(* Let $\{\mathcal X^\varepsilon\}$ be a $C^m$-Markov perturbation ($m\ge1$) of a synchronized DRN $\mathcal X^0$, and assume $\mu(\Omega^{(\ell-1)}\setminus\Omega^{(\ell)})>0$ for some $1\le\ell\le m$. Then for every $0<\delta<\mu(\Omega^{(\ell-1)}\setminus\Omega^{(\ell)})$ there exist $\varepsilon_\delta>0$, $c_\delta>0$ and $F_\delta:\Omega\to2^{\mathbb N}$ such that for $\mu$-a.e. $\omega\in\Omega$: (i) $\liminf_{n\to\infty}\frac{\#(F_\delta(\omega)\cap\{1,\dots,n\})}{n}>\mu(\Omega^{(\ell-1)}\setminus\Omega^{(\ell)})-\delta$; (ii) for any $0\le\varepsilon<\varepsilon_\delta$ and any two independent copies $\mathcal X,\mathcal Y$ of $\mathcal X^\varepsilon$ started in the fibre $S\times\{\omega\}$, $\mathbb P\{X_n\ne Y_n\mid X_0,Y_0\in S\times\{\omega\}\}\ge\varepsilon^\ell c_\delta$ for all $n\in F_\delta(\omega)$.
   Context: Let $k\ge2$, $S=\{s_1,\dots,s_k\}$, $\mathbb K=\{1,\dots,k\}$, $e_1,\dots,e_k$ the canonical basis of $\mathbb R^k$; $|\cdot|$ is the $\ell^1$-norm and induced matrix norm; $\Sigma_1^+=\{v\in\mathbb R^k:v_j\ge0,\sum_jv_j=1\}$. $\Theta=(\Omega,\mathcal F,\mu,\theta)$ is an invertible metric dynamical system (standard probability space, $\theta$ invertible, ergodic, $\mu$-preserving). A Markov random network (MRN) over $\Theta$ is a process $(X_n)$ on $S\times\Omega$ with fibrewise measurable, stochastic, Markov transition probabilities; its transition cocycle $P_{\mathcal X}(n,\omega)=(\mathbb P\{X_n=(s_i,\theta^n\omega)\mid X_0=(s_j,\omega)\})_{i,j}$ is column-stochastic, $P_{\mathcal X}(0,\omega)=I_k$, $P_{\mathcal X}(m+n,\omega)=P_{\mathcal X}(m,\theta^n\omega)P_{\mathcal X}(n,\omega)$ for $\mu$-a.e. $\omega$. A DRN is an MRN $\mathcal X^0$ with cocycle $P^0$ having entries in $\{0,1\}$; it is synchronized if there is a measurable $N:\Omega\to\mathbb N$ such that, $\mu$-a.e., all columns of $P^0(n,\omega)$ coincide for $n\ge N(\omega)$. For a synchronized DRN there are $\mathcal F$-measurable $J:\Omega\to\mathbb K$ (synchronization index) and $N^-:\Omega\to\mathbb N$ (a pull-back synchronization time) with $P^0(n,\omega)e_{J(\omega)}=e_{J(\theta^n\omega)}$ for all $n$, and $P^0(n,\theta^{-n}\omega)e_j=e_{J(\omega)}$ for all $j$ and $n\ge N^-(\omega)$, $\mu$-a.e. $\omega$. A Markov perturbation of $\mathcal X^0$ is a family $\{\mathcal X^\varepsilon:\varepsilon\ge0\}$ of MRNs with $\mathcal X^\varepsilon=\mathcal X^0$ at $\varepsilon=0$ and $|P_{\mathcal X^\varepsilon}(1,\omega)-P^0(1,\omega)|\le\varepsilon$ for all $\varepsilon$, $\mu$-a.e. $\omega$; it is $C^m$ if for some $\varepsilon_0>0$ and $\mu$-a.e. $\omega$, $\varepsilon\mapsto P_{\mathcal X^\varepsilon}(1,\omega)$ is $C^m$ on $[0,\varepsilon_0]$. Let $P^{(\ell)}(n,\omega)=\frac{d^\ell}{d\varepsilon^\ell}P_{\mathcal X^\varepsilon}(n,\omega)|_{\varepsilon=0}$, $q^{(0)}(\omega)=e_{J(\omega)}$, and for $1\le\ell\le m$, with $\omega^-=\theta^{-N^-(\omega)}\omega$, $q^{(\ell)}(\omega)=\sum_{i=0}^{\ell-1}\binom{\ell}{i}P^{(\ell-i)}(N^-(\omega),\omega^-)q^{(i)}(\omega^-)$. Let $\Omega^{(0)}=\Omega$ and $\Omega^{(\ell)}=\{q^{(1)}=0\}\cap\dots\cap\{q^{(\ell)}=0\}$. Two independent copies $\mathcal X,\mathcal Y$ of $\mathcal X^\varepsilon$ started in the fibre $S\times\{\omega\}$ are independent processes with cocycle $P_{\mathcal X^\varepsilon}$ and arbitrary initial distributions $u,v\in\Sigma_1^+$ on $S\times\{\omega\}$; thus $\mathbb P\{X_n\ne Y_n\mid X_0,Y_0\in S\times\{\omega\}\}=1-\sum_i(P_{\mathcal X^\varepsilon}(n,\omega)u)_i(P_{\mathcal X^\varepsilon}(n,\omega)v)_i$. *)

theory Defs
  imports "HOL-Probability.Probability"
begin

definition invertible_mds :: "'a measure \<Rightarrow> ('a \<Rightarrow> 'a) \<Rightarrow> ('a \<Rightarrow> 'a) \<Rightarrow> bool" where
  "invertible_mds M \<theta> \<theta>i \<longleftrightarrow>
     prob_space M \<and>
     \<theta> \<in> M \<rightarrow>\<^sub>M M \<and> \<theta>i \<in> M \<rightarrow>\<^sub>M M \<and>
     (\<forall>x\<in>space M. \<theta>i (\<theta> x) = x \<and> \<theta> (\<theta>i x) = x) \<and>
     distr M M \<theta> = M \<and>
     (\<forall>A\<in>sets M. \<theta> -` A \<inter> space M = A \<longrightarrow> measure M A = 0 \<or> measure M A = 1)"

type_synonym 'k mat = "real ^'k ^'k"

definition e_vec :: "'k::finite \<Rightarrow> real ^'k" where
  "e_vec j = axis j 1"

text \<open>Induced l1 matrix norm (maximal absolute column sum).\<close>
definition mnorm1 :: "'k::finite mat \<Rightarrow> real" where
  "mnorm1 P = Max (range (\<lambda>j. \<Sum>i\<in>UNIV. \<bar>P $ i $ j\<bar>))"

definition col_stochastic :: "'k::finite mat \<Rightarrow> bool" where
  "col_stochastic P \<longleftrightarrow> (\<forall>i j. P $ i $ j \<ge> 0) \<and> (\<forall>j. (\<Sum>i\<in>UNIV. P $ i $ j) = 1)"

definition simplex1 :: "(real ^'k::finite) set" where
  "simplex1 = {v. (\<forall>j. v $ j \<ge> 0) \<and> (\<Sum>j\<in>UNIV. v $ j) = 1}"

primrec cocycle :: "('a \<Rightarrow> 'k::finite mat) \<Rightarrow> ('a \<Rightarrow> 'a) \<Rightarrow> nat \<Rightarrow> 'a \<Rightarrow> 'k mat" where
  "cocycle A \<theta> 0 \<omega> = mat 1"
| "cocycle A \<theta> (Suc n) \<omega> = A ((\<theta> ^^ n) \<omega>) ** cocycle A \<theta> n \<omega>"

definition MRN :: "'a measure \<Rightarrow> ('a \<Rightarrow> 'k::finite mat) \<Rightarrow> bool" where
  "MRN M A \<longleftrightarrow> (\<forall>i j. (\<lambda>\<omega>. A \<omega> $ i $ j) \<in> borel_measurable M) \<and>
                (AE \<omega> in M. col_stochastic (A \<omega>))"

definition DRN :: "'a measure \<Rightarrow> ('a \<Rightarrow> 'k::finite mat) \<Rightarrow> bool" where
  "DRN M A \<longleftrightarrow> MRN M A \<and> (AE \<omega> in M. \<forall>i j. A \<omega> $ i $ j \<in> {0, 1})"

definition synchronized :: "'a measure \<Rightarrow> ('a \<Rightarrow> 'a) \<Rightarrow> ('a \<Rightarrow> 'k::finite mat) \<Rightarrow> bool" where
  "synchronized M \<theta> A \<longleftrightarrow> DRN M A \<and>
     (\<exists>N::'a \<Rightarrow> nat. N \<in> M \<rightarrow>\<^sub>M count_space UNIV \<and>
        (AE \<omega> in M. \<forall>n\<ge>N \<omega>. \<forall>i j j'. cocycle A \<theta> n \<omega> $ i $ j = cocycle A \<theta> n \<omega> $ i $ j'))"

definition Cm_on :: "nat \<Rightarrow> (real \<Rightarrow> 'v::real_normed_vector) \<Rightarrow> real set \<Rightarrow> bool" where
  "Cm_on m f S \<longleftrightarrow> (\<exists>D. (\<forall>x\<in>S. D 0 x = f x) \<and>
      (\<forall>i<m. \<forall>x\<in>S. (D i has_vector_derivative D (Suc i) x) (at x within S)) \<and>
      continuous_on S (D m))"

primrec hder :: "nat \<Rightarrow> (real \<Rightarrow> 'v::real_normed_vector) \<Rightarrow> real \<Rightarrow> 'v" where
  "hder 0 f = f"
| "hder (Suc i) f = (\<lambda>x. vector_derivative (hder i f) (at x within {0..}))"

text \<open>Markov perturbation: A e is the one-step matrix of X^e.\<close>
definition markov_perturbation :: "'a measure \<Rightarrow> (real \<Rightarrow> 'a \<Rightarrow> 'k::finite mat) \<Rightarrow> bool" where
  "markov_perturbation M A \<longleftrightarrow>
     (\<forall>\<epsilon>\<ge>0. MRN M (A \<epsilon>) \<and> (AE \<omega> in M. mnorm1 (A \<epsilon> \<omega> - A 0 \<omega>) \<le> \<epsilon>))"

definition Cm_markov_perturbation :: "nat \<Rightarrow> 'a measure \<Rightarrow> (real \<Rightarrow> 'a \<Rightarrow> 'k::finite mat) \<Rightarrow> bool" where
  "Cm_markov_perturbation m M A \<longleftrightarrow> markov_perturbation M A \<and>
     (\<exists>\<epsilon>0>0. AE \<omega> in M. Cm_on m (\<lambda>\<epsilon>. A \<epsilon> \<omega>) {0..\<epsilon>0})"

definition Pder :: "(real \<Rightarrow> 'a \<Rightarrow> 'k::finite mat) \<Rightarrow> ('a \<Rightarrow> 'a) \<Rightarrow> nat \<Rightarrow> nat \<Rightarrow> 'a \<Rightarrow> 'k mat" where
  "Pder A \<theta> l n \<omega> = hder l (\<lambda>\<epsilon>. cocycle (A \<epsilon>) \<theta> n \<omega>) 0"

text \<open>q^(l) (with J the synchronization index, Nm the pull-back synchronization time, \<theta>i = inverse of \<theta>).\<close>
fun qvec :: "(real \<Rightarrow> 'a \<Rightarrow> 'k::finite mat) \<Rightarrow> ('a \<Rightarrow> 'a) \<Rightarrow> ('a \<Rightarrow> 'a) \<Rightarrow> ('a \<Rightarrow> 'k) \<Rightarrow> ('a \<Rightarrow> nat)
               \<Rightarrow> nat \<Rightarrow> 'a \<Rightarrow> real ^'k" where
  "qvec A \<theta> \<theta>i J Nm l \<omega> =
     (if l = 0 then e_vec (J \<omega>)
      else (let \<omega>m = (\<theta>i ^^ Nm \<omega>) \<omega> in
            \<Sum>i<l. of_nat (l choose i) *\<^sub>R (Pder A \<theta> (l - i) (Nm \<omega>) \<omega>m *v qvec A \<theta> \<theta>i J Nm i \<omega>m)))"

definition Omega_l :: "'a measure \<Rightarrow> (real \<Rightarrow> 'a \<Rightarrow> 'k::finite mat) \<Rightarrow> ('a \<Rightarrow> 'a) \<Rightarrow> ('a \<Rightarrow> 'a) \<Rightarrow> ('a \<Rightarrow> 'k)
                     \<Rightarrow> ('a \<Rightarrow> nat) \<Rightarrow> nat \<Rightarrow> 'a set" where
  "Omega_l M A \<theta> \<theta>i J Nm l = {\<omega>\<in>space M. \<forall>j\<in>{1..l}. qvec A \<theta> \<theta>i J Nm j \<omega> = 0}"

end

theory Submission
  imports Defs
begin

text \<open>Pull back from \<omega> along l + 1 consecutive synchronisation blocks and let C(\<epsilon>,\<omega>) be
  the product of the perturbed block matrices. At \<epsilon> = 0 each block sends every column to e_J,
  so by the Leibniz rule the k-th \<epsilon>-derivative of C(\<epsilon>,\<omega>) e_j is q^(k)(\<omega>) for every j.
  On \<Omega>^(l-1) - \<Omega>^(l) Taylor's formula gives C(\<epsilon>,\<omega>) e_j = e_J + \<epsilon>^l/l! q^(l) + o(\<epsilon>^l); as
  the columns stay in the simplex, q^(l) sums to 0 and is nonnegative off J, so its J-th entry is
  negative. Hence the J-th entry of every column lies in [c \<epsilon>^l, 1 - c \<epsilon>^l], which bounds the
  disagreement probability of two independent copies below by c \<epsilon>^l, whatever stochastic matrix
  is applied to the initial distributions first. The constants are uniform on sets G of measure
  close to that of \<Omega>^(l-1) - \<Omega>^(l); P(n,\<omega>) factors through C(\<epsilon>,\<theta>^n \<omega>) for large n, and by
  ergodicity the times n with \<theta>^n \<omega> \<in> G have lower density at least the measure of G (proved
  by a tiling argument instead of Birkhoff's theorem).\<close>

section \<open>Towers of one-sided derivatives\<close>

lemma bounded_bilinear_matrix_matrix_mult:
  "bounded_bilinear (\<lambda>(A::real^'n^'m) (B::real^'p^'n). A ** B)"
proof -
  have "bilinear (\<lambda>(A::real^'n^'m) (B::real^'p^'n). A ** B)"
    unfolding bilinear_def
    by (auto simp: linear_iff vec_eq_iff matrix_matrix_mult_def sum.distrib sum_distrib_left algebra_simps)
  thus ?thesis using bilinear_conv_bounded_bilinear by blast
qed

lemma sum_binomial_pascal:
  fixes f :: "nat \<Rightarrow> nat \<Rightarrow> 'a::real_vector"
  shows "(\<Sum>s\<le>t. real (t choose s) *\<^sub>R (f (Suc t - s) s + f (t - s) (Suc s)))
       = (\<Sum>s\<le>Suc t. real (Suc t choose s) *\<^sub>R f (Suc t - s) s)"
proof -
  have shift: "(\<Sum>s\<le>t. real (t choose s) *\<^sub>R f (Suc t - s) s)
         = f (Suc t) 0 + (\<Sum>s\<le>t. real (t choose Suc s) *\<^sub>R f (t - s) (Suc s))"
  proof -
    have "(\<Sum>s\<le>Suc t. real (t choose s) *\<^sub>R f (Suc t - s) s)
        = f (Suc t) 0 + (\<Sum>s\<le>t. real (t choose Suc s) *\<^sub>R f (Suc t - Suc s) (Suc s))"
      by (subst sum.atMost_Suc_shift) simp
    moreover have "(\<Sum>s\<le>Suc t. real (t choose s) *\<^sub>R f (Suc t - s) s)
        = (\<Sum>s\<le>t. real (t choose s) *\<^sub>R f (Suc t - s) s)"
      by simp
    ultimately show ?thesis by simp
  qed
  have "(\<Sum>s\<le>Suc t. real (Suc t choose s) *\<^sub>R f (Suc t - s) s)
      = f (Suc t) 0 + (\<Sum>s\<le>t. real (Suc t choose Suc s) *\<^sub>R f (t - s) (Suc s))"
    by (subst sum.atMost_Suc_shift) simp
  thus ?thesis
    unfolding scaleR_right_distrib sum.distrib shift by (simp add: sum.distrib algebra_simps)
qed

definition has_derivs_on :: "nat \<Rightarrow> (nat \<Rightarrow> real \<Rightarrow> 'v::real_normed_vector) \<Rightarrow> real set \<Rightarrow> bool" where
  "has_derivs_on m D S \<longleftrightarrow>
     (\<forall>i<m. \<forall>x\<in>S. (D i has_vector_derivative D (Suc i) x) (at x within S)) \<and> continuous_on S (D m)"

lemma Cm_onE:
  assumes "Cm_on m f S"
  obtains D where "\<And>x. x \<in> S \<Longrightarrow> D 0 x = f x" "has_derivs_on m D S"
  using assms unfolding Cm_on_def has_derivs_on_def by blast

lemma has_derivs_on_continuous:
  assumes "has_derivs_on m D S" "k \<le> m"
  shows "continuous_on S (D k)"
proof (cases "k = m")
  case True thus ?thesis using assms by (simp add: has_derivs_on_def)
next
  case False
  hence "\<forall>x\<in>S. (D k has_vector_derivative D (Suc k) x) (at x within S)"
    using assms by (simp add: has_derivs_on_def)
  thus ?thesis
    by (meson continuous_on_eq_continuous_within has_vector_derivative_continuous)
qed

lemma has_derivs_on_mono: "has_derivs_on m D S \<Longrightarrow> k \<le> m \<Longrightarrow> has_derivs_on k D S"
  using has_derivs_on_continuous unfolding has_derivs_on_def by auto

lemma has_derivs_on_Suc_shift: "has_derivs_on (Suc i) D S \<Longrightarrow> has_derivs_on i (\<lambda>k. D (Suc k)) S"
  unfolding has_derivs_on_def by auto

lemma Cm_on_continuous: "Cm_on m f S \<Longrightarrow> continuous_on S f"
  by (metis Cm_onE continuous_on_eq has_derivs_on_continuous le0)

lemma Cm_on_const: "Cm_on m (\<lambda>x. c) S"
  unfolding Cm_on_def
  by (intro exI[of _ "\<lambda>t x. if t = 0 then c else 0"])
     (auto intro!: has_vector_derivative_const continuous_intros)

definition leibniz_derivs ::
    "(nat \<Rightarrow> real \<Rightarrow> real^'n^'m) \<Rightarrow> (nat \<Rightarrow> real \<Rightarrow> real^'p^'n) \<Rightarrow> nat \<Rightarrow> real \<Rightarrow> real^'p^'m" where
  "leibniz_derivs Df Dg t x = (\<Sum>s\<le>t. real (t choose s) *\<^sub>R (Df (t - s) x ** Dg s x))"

**Assigned task:** After locating the line holding "unfolding scaleR_right_distrib sum.distrib" above, output exactly that line and every line after it through the line holding "(D k has_vector_derivative". Include nothing else.

**Answer space:**
    unfolding scaleR_right_distrib sum.distrib shift by (simp add: sum.distrib algebra_simps)
qed

definition has_derivs_on :: "nat \<Rightarrow> (nat \<Rightarrow> real \<Rightarrow> 'v::real_normed_vector) \<Rightarrow> real set \<Rightarrow> bool" where
  "has_derivs_on m D S \<longleftrightarrow>
     (\<forall>i<m. \<forall>x\<in>S. (D i has_vector_derivative D (Suc i) x) (at x within S)) \<and> continuous_on S (D m)"

lemma Cm_onE:
  assumes "Cm_on m f S"
  obtains D where "\<And>x. x \<in> S \<Longrightarrow> D 0 x = f x" "has_derivs_on m D S"
  using assms unfolding Cm_on_def has_derivs_on_def by blast

lemma has_derivs_on_continuous:
  assumes "has_derivs_on m D S" "k \<le> m"
  shows "continuous_on S (D k)"
proof (cases "k = m")
  case True thus ?thesis using assms by (simp add: has_derivs_on_def)
next
  case False
  hence "\<forall>x\<in>S. (D k has_vector_derivative D (Suc k) x) (at x within S)"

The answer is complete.